Effect of a pharmacist‐led intervention on adherence among patients with a first‐time prescription for a cardiovascular medicine: a randomized controlled trial in Norwegian pharmacies

2019 
OBJECTIVE: To examine whether a pharmacist-led intervention improves medication adherence among patients who have filled a first-time prescription for a cardiovascular medicine. METHODS: Design: Unblinded randomized controlled trial. SETTING: 67 Norwegian pharmacies, October 2014-June 2015. PARTICIPANTS: 1480 adults with a first-time prescription for a cardiovascular medicine. INTERVENTION: Participants in the intervention group received two consultations with a pharmacist 1-2 and 3-5 weeks after filling the prescription. Participants in the control group received care according to usual practice. MAIN OUTCOME MEASURE: The primary outcome was self-reported adherence as measured by the 8-item Morisky Medication Adherence Scale (MMAS-8), at 7 and 18 weeks after filling the prescription.
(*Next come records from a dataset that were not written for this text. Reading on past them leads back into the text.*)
lemma AE_omega_kernel_slack_field_eq_0:
  assumes q: "q \<in> borel_measurable borel" and q_nonneg: "\<And>z. 0 \<le> q z" and q_bound: "\<And>z. \<bar>q z\<bar> \<le> C"
    and p_eq_q: "AE \<alpha> in lebesgue. AE \<beta> in lebesgue. p (\<alpha>, \<beta>) = q (\<alpha>, \<beta>)"
    and \<gamma>: "\<gamma> \<in> borel_measurable lebesgue" and omega_nonpos: "omega p (slack_field \<gamma>) \<le> 0"
  shows "AE \<alpha> in lebesgue. AE \<beta> in lebesgue. omega_kernel q (slack_field \<gamma>) (\<alpha>, \<beta>) = 0"
proof -
  interpret pair_sigma_finite "lebesgue :: real measure" "lebesgue :: real measure"
    by (intro pair_sigma_finite.intro sigma_finite_lebesgue)
  let ?M = "lebesgue \<Otimes>\<^sub>M lebesgue :: (real \<times> real) measure"
  let ?K = "omega_kernel q (slack_field \<gamma>)"
  have field: "slack_field \<gamma> \<in> borel_measurable lebesgue" "AE \<alpha> in lebesgue. norm (slack_field \<gamma> \<alpha>) \<le> 1"
    using \<gamma> by (auto simp: slack_def)
  note K_nonneg = omega_kernel_slack_field_nonneg[OF q_nonneg]
  have "integral\<^sup>L ?M ?K = omega p (slack_field \<gamma>)"
    by (rule omega_eq_integral_omega_kernel[OF q q_bound p_eq_q field, symmetric])
  moreover have "0 \<le> integral\<^sup>L ?M ?K"
    using K_nonneg by (intro integral_nonneg_AE AE_I2)
  ultimately have "integral\<^sup>L ?M ?K = 0"
    using omega_nonpos by linarith
  with integral_nonneg_eq_0_iff_AE[OF integrable_omega_kernel[OF q q_bound field] AE_I2[OF K_nonneg]]
  have "AE z in ?M. ?K z = 0" by simp
  then show ?thesis by (rule AE_pair)
qed
lemma proj_cover_surj_if_kernel_sum:
  fixes A :: "'k::field alg"
  assumes pc: "proj_cover A P S e" and Q: "is_module A Q" and q: "is_hom A Q P q"
    and sum: "\<And>x. vsupp (mdim P) x \<Longrightarrow> \<exists>y\<in>row_kernel (mdim P) e. x - y \<in> row_image (mdim Q) q"
  shows "surj_mat (mdim Q) (mdim P) q"
proof -
  have es: "surj_mat (mdim P) (mdim S) e" using pc by (simp add: proj_cover_def is_epi_def)
  have "surj_mat (mdim Q) (mdim S) (mmul (mdim P) q e)"
    unfolding surj_mat_def
  proof (intro allI impI)
    fix w :: "nat \<Rightarrow> 'k" assume "vsupp (mdim S) w"
    then obtain x where x: "vsupp (mdim P) x" "vmul (mdim P) x e = w" using es by (auto simp: surj_mat_def)
    obtain y z where y: "y \<in> row_kernel (mdim P) e" and z: "vsupp (mdim Q) z" "vmul (mdim Q) z q = x - y"
      using sum[OF x(1)] by (auto simp: mem_row_image_iff)
    have "vmul (mdim Q) z (mmul (mdim P) q e) = vmul (mdim P) (\<lambda>i. x i - y i) e"
      by (simp add: vmul_mmul[symmetric] z(2) fun_diff_def)
    also have "\<dots> = w" using x(2) y by (simp add: vmul_diff row_kernel_def)
    finally show "\<exists>v. vsupp (mdim Q) v \<and> vmul (mdim Q) v (mmul (mdim P) q e) = w" using z(1) by blast
  qed
  then show ?thesis using pc Q q by (simp add: proj_cover_def)
qed
(* Let $k \geq p \geq 1$ be integers, and let $x_1, \dots, x_k, y_1, \dots, y_k$ be non-negative real numbers such that $\prod_{i \in I} x_i \leq \prod_{i \in I} y_i$ for every subset $I$ of $\{1,\dots,k\}$ with $|I| = p$. Then $\prod_{i=1}^k x_i \leq \prod_{i=1}^k y_i$. *)

theory Defs
  imports Main Complex_Main
begin

end

theory Submission
  imports Defs
begin

text \<open>Induct on the subset size. If the inequality holds for all \<open>m\<close>-subsets of an
  \<open>(m+1)\<close>-set \<open>J\<close>, multiplying it over the \<open>m+1\<close> subsets \<open>J - {j}\<close> gives
  \<open>(\<Prod>J x)^m \<le> (\<Prod>J y)^m\<close>, since every element of \<open>J\<close> is left out exactly once;
  taking \<open>m\<close>-th roots of nonnegative numbers yields the inequality for \<open>J\<close>.\<close>

lemma prod_prod_remove_eq_power:
  fixes x :: "'i \<Rightarrow> 'a::comm_monoid_mult"
  assumes "finite J" and "card J = Suc m"
  shows "(\<Prod>j\<in>J. \<Prod>i\<in>J - {j}. x i) = (\<Prod>i\<in>J. x i) ^ m"
proof -
  have "(\<Prod>j\<in>J. \<Prod>i\<in>J - {j}. x i) = (\<Prod>j\<in>J. \<Prod>i\<in>{i\<in>J. j \<noteq> i}. x i)"
    by (intro prod.cong) auto
  also have "\<dots> = (\<Prod>i\<in>J. \<Prod>j\<in>{j\<in>J. j \<noteq> i}. x i)"
    by (rule prod.swap_restrict [OF assms(1) assms(1)])
  also have "\<dots> = (\<Prod>i\<in>J. x i ^ m)"
  proof (intro prod.cong refl)
    fix i assume "i \<in> J"
    then have "card {j\<in>J. j \<noteq> i} = m"
      using assms card_Diff_singleton [of i J] by (simp add: set_diff_eq conj_commute)
    then show "(\<Prod>j\<in>{j\<in>J. j \<noteq> i}. x i) = x i ^ m" by simp
  qed
  also have "\<dots> = (\<Prod>i\<in>J. x i) ^ m"
    using assms(1) by (induction J rule: finite_induct) (simp_all add: power_mult_distrib)
  finally show ?thesis .
qed

lemma prod_le_prod_of_card_Suc:
  fixes x y :: "'i \<Rightarrow> 'a::linordered_semidom"
  assumes "finite J" and "card J = Suc m" and "1 \<le> m"
    and "\<And>i. i \<in> J \<Longrightarrow> 0 \<le> x i" and "\<And>i. i \<in> J \<Longrightarrow> 0 \<le> y i"
    and "\<And>I. I \<subseteq> J \<Longrightarrow> card I = m \<Longrightarrow> (\<Prod>i\<in>I. x i) \<le> (\<Prod>i\<in>I. y i)"
  shows "(\<Prod>i\<in>J. x i) \<le> (\<Prod>i\<in>J. y i)"
proof -
  have "(\<Prod>i\<in>J. x i) ^ m = (\<Prod>j\<in>J. \<Prod>i\<in>J - {j}. x i)"
    using assms(1,2) by (rule prod_prod_remove_eq_power [symmetric])
  also have "\<dots> \<le> (\<Prod>j\<in>J. \<Prod>i\<in>J - {j}. y i)"
  proof (rule prod_mono, rule conjI)
    fix j assume "j \<in> J"
    show "0 \<le> (\<Prod>i\<in>J - {j}. x i)" using assms(4) by (intro prod_nonneg) auto
    show "(\<Prod>i\<in>J - {j}. x i) \<le> (\<Prod>i\<in>J - {j}. y i)"
      using \<open>j \<in> J\<close> assms(1,2) by (intro assms(6)) auto
  qed
  also have "\<dots> = (\<Prod>i\<in>J. y i) ^ m"
    using assms(1,2) by (rule prod_prod_remove_eq_power)
  finally have "(\<Prod>i\<in>J. x i) ^ Suc (m - 1) \<le> (\<Prod>i\<in>J. y i) ^ Suc (m - 1)"
    using assms(3) by simp
  then show ?thesis
    by (rule power_le_imp_le_base) (use assms(5) in \<open>simp add: prod_nonneg\<close>)
qed

lemma prod_le_prod_of_larger_card:
  fixes x y :: "'i \<Rightarrow> 'a::linordered_semidom"
  assumes "finite S" and "1 \<le> p" and "p \<le> m"
    and "\<And>i. i \<in> S \<Longrightarrow> 0 \<le> x i" and "\<And>i. i \<in> S \<Longrightarrow> 0 \<le> y i"
    and "\<And>I. I \<subseteq> S \<Longrightarrow> card I = p \<Longrightarrow> (\<Prod>i\<in>I. x i) \<le> (\<Prod>i\<in>I. y i)"
  shows "\<And>J. J \<subseteq> S \<Longrightarrow> card J = m \<Longrightarrow> (\<Prod>i\<in>J. x i) \<le> (\<Prod>i\<in>J. y i)"
  using assms(3)
proof (induction m rule: dec_induct)
  case base
  then show ?case using assms(6) by blast
next
  case (step m J)
  show ?case
  proof (rule prod_le_prod_of_card_Suc)
    show "finite J" using \<open>J \<subseteq> S\<close> assms(1) by (rule finite_subset)
    show "1 \<le> m" using assms(2) \<open>p \<le> m\<close> by simp
  qed (use step assms(4,5) in auto)
qed

theorem lemma5p2:
  fixes k p :: nat and x y :: "nat \<Rightarrow> real"
  assumes "1 \<le> p" and "p \<le> k"
    and "\<And>i. i \<in> {1..k} \<Longrightarrow> x i \<ge> 0"
    and "\<And>i. i \<in> {1..k} \<Longrightarrow> y i \<ge> 0"
    and "\<And>I. I \<subseteq> {1..k} \<Longrightarrow> card I = p \<Longrightarrow> (\<Prod>i\<in>I. x i) \<le> (\<Prod>i\<in>I. y i)"
  shows "(\<Prod>i=1..k. x i) \<le> (\<Prod>i=1..k. y i)"
  using prod_le_prod_of_larger_card [of "{1..k}" p k x y] assms by simp

end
Adherence from baseline to week 52 was estimated using data from the Norwegian Prescription Database (NPD). KEY FINDINGS: Data from MMAS-8 showed that 91.3% of the patients in the intervention group were adherent after 7 weeks versus 86.8% in the control group (4.5% difference, 95% CI 0.8-8.2, P = 0.017). The corresponding proportions were 88.7% versus 83.7% after 18 weeks (5.0% difference, 95% CI 0.8-9.2, P = 0.021). NPD data (n = 1294) showed no significant difference in adherence after 52 weeks (95% CI -2.0 to 7.8, P = 0.24). However, adherence among statin users (n = 182) was 66.5% in the intervention group versus 57.4% among new statin users in the general population (n = 1500) (difference 9.1%, 95% CI 1.5-16.0, P = 0.019). CONCLUSION: The main outcome measure indicates that a short, structured pharmacist-led intervention may increase medication adherence for patients starting on chronic cardiovascular medication. However, these findings could not be confirmed by the NPD data analysis.